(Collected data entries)
+ + +

lemma funpow_lower_step:
  assumes "int j \<le> walk P x T - walk_min P T x"
  shows "walk P ((lower_step P T ^^ j) x) T = walk P x T - 2 * int j"
    and "walk_min P T ((lower_step P T ^^ j) x) = walk_min P T x - int j"
    and "(raise_step P T ^^ j) ((lower_step P T ^^ j) x) = x"
proof -
  have "walk P ((lower_step P T ^^ j) x) T = walk P x T - 2 * int j
    \<and> walk_min P T ((lower_step P T ^^ j) x) = walk_min P T x - int j
    \<and> (raise_step P T ^^ j) ((lower_step P T ^^ j) x) = x"
    using assms
  proof (induction j)
    case (Suc j)
    let ?y = "(lower_step P T ^^ j) x"
    have "walk_min P T ?y < walk P ?y T"
      using Suc by simp
    note lower = walk_lower_step[OF this]
    have "(raise_step P T ^^ Suc j) (lower_step P T ?y)
        = (raise_step P T ^^ j) (raise_step P T (lower_step P T ?y))"
      by (simp add: funpow_Suc_right del: funpow.simps)
    then show ?case
      using Suc lower by simp
  qed simp
  then show "walk P ((lower_step P T ^^ j) x) T = walk P x T - 2 * int j"
    and "walk_min P T ((lower_step P T ^^ j) x) = walk_min P T x - int j"
    and "(raise_step P T ^^ j) ((lower_step P T ^^ j) x) = x"
    by auto
qed

lemma funpow_lower_step_changes:
  "{t. (lower_step P T ^^ j) x t \<noteq> x t} \<subseteq> {t\<in>P. t < T}"
  "card {t. (lower_step P T ^^ j) x t \<noteq> x t} \<le> j"
proof (induction j)
  case (Suc j)
  let ?y = "(lower_step P T ^^ j) x"
  have step: "{t. lower_step P T ?y t \<noteq> ?y t} \<subseteq> {last_argmin P T ?y} \<inter> {t\<in>P. t < T}"
    using step_after_last_argmin[of P T ?y] by (auto simp: lower_step_def)
  have sub: "{t. (lower_step P T ^^ Suc j) x t \<noteq> x t}
      \<subseteq> {t. lower_step P T ?y t \<noteq> ?y t} \<union> {t. ?y t \<noteq> x t}"
    by auto
  with step Suc.IH(1) show "{t. (lower_step P T ^^ Suc j) x t \<noteq> x t} \<subseteq> {t\<in>P. t < T}"
    by blast
  have "finite {t. ?y t \<noteq> x t}"
    using Suc.IH(1) finite_bounded_nat by (rule finite_subset)
  moreover have "{t. (lower_step P T ^^ Suc j) x t \<noteq> x t} \<subseteq> {last_argmin P T ?y} \<union> {t. ?y t \<noteq> x t}"
    using sub step by blast
  ultimately have "card {t. (lower_step P T ^^ Suc j) x t \<noteq> x t}
      \<le> card ({last_argmin P T ?y} \<union> {t. ?y t \<noteq> x t})"
    by (intro card_mono) auto
  also have "\<dots> \<le> Suc j"
    using card_Un_le[of "{last_argmin P T ?y}" "{t. ?y t \<noteq> x t}"] Suc.IH(2) by simp
  finally show "card {t. (lower_step P T ^^ Suc j) x t \<noteq> x t} \<le> Suc j" .
qed simp_all

definition outcomes :: "nat \<Rightarrow> (nat \<Rightarrow> bool) set" where
  "outcomes T = {x. \<forall>t\<ge>T. \<not> x t}"

lemma outcomes_eq_PiE_dflt: "outcomes T = PiE_dflt {..<T} False (\<lambda>_. UNIV)"
  by (auto simp: outcomes_def PiE_dflt_def)

lemma finite_outcomes: "finite (outcomes T)"
  unfolding outcomes_eq_PiE_dflt by (rule finite_PiE_dflt) auto

definition walk_level :: "nat set \<Rightarrow> nat \<Rightarrow> int \<Rightarrow> (nat \<Rightarrow> bool) set" where
  "walk_level P T w = {x \<in> outcomes T. walk P x T = w}"

definition flip_on :: "nat set \<Rightarrow> (nat \<Rightarrow> bool) \<Rightarrow> (nat \<Rightarrow> bool)" where
  "flip_on P x t = (if t \<in> P then \<not> x t else x t)"

lemma walk_flip_on: "walk P (flip_on P x) l = - walk P x l"
  unfolding walk_def sum_negf[symmetric] by (intro sum.cong) (auto simp: flip_on_def)

lemma card_walk_level_uminus:
  assumes "P \<subseteq> {..<T}"
  shows "card (walk_level P T w) = card (walk_level P T (- w))"
proof -
  have "bij_betw (flip_on P) (walk_level P T w) (walk_level P T (- w))"
    using assms
    by (intro bij_betw_byWitness[where f' = "flip_on P"])
      (auto simp: walk_level_def outcomes_def walk_flip_on flip_on_def fun_eq_iff split: if_splits)
  then show ?thesis
    by (rule bij_betw_same_card)
qed

lemma funpow_lower_step_walk_level:
  assumes "w > 0" "x \<in> walk_level P T w"
  shows "(lower_step P T ^^ nat w) x \<in> walk_level P T (- w)"
proof -
  have "int (nat w) \<le> walk P x T - walk_min P T x"
    using assms walk_min_nonpos[of P T x] by (simp add: walk_level_def)
  then show ?thesis
    using assms funpow_lower_step(1)[where j = "nat w"]
      funpow_lower_step_changes(1)[where j = "nat w" and x = x]
    by (fastforce simp: walk_level_def outcomes_def)
qed

lemma inj_on_funpow_lower_step:
  assumes "w > 0"
  shows "inj_on (lower_step P T ^^ nat w) (walk_level P T w)"
proof (rule inj_on_inverseI)
  fix x assume "x \<in> walk_level P T w"
  then have "int (nat w) \<le> walk P x T - walk_min P T x"
    using assms walk_min_nonpos[of P T x] by (simp add: walk_level_def)
  then show "(raise_step P T ^^ nat w) ((lower_step P T ^^ nat w) x) = x"
    by (rule funpow_lower_step(3))
qed

lemma bij_betw_funpow_lower_step:
  assumes "P \<subseteq> {..<T}" "w > 0"
  shows "bij_betw (lower_step P T ^^ nat w) (walk_level P T w) (walk_level P T (- w))"
proof -
  have "(lower_step P T ^^ nat w) ` walk_level P T w \<subseteq> walk_level P T (- w)"
    using funpow_lower_step_walk_level[OF assms(2)] by blast
  moreover have "card ((lower_step P T ^^ nat w) ` walk_level P T w) = card (walk_level P T (- w))"
    using card_image[OF inj_on_funpow_lower_step[OF assms(2)]] card_walk_level_uminus[OF assms(1)]
    by simp
  ultimately have "(lower_step P T ^^ nat w) ` walk_level P T w = walk_level P T (- w)"
    by (intro card_subset_eq) (auto simp: walk_level_def finite_outcomes)
  then show ?thesis
    using inj_on_funpow_lower_step[OF assms(2)] by (simp add: bij_betw_def)
qed

section \<open>Products of Bernoulli distributions\<close>

definition bernoulli_vec :: "nat \<Rightarrow> (nat \<Rightarrow> real) \<Rightarrow> (nat \<Rightarrow> bool) pmf" where
  "bernoulli_vec T \<beta> = Pi_pmf {..<T} False (\<lambda>t. bernoulli_pmf (\<beta> t))"

lemma set_pmf_bernoulli_vec: "set_pmf (bernoulli_vec T \<beta>) \<subseteq> outcomes T"
  unfolding bernoulli_vec_def outcomes_def
  using set_Pi_pmf_subset[of "{..<T}" False "\<lambda>t. bernoulli_pmf (\<beta> t)"] by (auto simp: not_less)

lemma prob_bernoulli_vec:
  "measure_pmf.prob (bernoulli_vec T \<beta>) Y = (\<Sum>x\<in>Y \<inter> outcomes T. pmf (bernoulli_vec T \<beta>) x)"
proof -
  have "measure_pmf.prob (bernoulli_vec T \<beta>) Y = measure_pmf.prob (bernoulli_vec T \<beta>) (Y \<inter> outcomes T)"
    using set_pmf_bernoulli_vec
    by (intro measure_eq_AE AE_pmfI) auto
  also have "\<dots> = (\<Sum>x\<in>Y \<inter> outcomes T. pmf (bernoulli_vec T \<beta>) x)"
    using finite_outcomes by (intro measure_measure_pmf_finite) auto
  finally show ?thesis .
qed

lemma pmf_bernoulli_vec:
  assumes "\<And>t. 0 \<le> \<beta> t \<and> \<beta> t \<le> 1" and "x \<in> outcomes T"
  shows "pmf (bernoulli_vec T \<beta>) x = (\<Prod>t<T. if x t then \<beta> t else 1 - \<beta> t)"
  unfolding bernoulli_vec_def using assms
  by (subst pmf_Pi') (auto simp: outcomes_def pmf_bernoulli_True pmf_bernoulli_False intro!: prod.cong)

definition biased_on :: "nat set \<Rightarrow> real \<Rightarrow> nat \<Rightarrow> real" where
  "biased_on P a t = (if t \<in> P then a else 1/2)"

lemma biased_on_range: "0 \<le> a \<Longrightarrow> a \<le> 1 \<Longrightarrow> 0 \<le> biased_on P a t \<and> biased_on P a t \<le> 1"
  by (simp add: biased_on_def)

+ + +

TASK ITEM:
Filter the records down to the lines that contain the string "subseteq", and copy those lines.

ANSWER FOR THIS EXERCISE:
  "{t. (lower_step P T ^^ j) x t \<noteq> x t} \<subseteq> {t\<in>P. t < T}"
  have step: "{t. lower_step P T ?y t \<noteq> ?y t} \<subseteq> {last_argmin P T ?y} \<inter> {t\<in>P. t < T}"
      \<subseteq> {t. lower_step P T ?y t \<noteq> ?y t} \<union> {t. ?y t \<noteq> x t}"
  with step Suc.IH(1) show "{t. (lower_step P T ^^ Suc j) x t \<noteq> x t} \<subseteq> {t\<in>P. t < T}"
  moreover have "{t. (lower_step P T ^^ Suc j) x t \<noteq> x t} \<subseteq> {last_argmin P T ?y} \<union> {t. ?y t \<noteq> x t}"
  assumes "P \<subseteq> {..<T}"
  assumes "P \<subseteq> {..<T}" "w > 0"
  have "(lower_step P T ^^ nat w) ` walk_level P T w \<subseteq> walk_level P T (- w)"
lemma set_pmf_bernoulli_vec: "set_pmf (bernoulli_vec T \<beta>) \<subseteq> outcomes T"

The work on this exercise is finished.